На социальной платформе «Вконтакте» существует группа «☭Советские ПСИХОДЕЛИЧЕСКИЕ мультики☭», в которой состоят более 233 000 пользователей [9]. В теме «Самый страшный психомульт», среди прочих, обсуждается «Случай с художником» [10]. Так, например, участник группы Игорь Журавлев вспоминает:
В трагическом мультфильме «Случай с художником», показанном в кинотеатре имени Вагхтанова были очень жуткие абстракции. Этот мультфильм был на DVD-диске «Веселые картинки. Выпуск 2». Помните эти моменты?
Комментатор прикладывает скриншоты сцен из мультфильма, которые напугали его в детстве (ил. 2). Более того, в одном из последующих комментариев Журавлев, вспоминая напугавшие его большего всего мультфильмы и перечисляя прочие «самые страшные моменты», завершает: «Также страшнее было и в “Случае с художником”». Призрачная абстракция, похожая на привидение, летела в экран и растворилась» (ил. 3, 4).
Эти комментарии о страшном в мультфильме, связанные с детскими воспоминаниями, контрастируют с описанием «Случая с художником», предложенным советским историком анимации и современником мультфильма Сергеем Асениным. Критик практически не фокусируется на теме так испугавшего художника искусства, уделяя основное внимание дидактике и социальной сатире «Случая с художником»:
Сделать сюжет зрелищно выразительным, кинематографически напряженным и увлекательным — сложная творческая задача. Представляет интерес в этом смысле фильм-пародия «Случай с художником» (1962, режиссер Г. Козлов). Художник в погоне за успехом и деньгами становится абстракционистом. Авторы сумели найти такой композиционный поворот, который сразу же придает сюжету отчётливо мультипликационный характер.
Художник остается один, наедине со своей совестью. Его посещают видения, сошедшие с его полотен. Спасаясь от них, он «перешагивает» через раму, и мы присутствуем при фантастичнейшем приключении: художник-абстракционист вынужден путешествовать в кошмарном мире своих собственных уродливых вымыслов. Трудно было, пожалуй, придумать ему более суровое наказание. Идея настолько ясно выражена в динамическом решении, что фильм не нуждается ни в каком комментирующем тексте [Асенин 1974: 162].

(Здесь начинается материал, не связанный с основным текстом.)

lemma row_moments_le:
  fixes a :: "nat \<Rightarrow> nat \<Rightarrow> real" and z :: "nat \<Rightarrow> real" and n m :: nat
  defines "s \<equiv> \<lambda>i. \<Sum>j<m. (a i j * z j)\<^sup>2"
    and "S \<equiv> \<Sum>i<n. \<Sum>j<m. (a i j)\<^sup>2"
    and "Q \<equiv> \<Sum>i<n. \<Sum>j<m. (a i j)\<^sup>2 * z j ^ 4"
  shows "(\<Sum>i<n. s i)\<^sup>2 \<le> S * Q" and "(\<Sum>i<n. (s i)\<^sup>2 / row_weights a n m i) \<le> S * Q"
proof -
  define \<alpha> where "\<alpha> = (\<lambda>i. \<Sum>j<m. (a i j)\<^sup>2)"
  define \<beta> where "\<beta> = (\<lambda>i. \<Sum>j<m. (a i j)\<^sup>2 * z j ^ 4)"
  have \<alpha>: "0 \<le> \<alpha> i" and \<beta>: "0 \<le> \<beta> i" and s: "0 \<le> s i" for i
    unfolding \<alpha>_def \<beta>_def s_def by (auto intro!: sum_nonneg simp: zero_le_even_power)
  have "0 \<le> S" unfolding S_def by (simp add: sum_nonneg)
  have cs: "(s i)\<^sup>2 \<le> \<alpha> i * \<beta> i" for i
  proof -
    have "(\<Sum>j<m. a i j * (a i j * (z j)\<^sup>2))\<^sup>2 \<le> (\<Sum>j<m. (a i j)\<^sup>2) * (\<Sum>j<m. (a i j * (z j)\<^sup>2)\<^sup>2)"
      by (rule Cauchy_Schwarz_ineq_sum)
    then show ?thesis
      unfolding s_def \<alpha>_def \<beta>_def by (simp add: power2_eq_square power4_eq_xxxx mult_ac)
  qed
  have "(\<Sum>i<n. s i) \<le> (\<Sum>i<n. sqrt (\<alpha> i) * sqrt (\<beta> i))"
    using cs by (intro sum_mono) (simp add: real_le_rsqrt real_sqrt_mult[symmetric])
  then have "(\<Sum>i<n. s i)\<^sup>2 \<le> (\<Sum>i<n. sqrt (\<alpha> i) * sqrt (\<beta> i))\<^sup>2"
    using s by (intro power_mono sum_nonneg) auto
  also have "\<dots> \<le> (\<Sum>i<n. (sqrt (\<alpha> i))\<^sup>2) * (\<Sum>i<n. (sqrt (\<beta> i))\<^sup>2)"
    by (rule Cauchy_Schwarz_ineq_sum)
  also have "\<dots> = S * Q" using \<alpha> \<beta> by (simp add: S_def Q_def \<alpha>_def \<beta>_def)
  finally show "(\<Sum>i<n. s i)\<^sup>2 \<le> S * Q" .
  have "(s i)\<^sup>2 / row_weights a n m i \<le> S * \<beta> i" for i
  proof (cases "\<alpha> i = 0 \<or> S = 0")
    case True
    then show ?thesis
      using \<open>0 \<le> S\<close> \<beta>[of i] by (auto simp: row_weights_def \<alpha>_def S_def)
  next
    case False
    then have "\<alpha> i > 0" "S > 0" using \<alpha>[of i] \<open>0 \<le> S\<close> by auto
    then have "(s i)\<^sup>2 / row_weights a n m i = (s i)\<^sup>2 * S / \<alpha> i"
      by (simp add: row_weights_def \<alpha>_def S_def)
    also have "\<dots> \<le> (\<alpha> i * \<beta> i) * S / \<alpha> i"
      using cs[of i] \<open>\<alpha> i > 0\<close> \<open>S > 0\<close> by (intro divide_right_mono mult_right_mono) auto
    also have "\<dots> = S * \<beta> i" using \<open>\<alpha> i > 0\<close> by simp
    finally show ?thesis .
  qed
  then have "(\<Sum>i<n. (s i)\<^sup>2 / row_weights a n m i) \<le> (\<Sum>i<n. S * \<beta> i)"
    by (rule sum_mono)
  also have "\<dots> = S * Q" unfolding Q_def \<beta>_def by (simp add: sum_distrib_left)
  finally show "(\<Sum>i<n. (s i)\<^sup>2 / row_weights a n m i) \<le> S * Q" .
qed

Ил. 2. Сцены из мультфильма «Случай с художником» (1962), размещенные на социальной платформе «Вконтакте» в группе «☭ Советские ПСИХОДЕЛИЧЕСКИЕ мультики ☭».
Ил. 3. Сцена из мультфильма «Случай с художником». Реж. Григорий Козлов. Автор сценария Ю. Елисеев. Художники: Гелий Аркадьев, Вера Валерьянова, Владимир Капнинский. Композитор Михаил Меерович. Союзмультфильм, 1962.
Ил. 4. Сцена из мультфильма «Случай с художником». 1962.
Вероятно, под «динамическим решением» Асенин понимает события, мультипликационно разворачивавшиеся в пространстве авангардной живописи, то есть вторую часть мультфильма. Таким образом, полагая, что вторая часть не нуждается в комментарии, Асенин не обсуждает именно то, что так напугало участника группы «Вконтакте». При таком анализе мультфильма значительная его часть остается вне исследовательского фокуса: шесть из шестнадцати минут, в которых разворачивается преследование художника модернистскими образами. В этой статье предлагается именно комментарий к этому динамическому решению; а особое внимание при этом уделяется поэтике страха в «Случае с художником». Нас интересует не столько, какая социальная и эстетическая мораль следует из сюжета, сколько именно вторая, пластическая история, в которой модернистское искусство, благодаря особенностям языка мультипликации, не просто изображается как безобразное, но становится героем, активно пугающим художника.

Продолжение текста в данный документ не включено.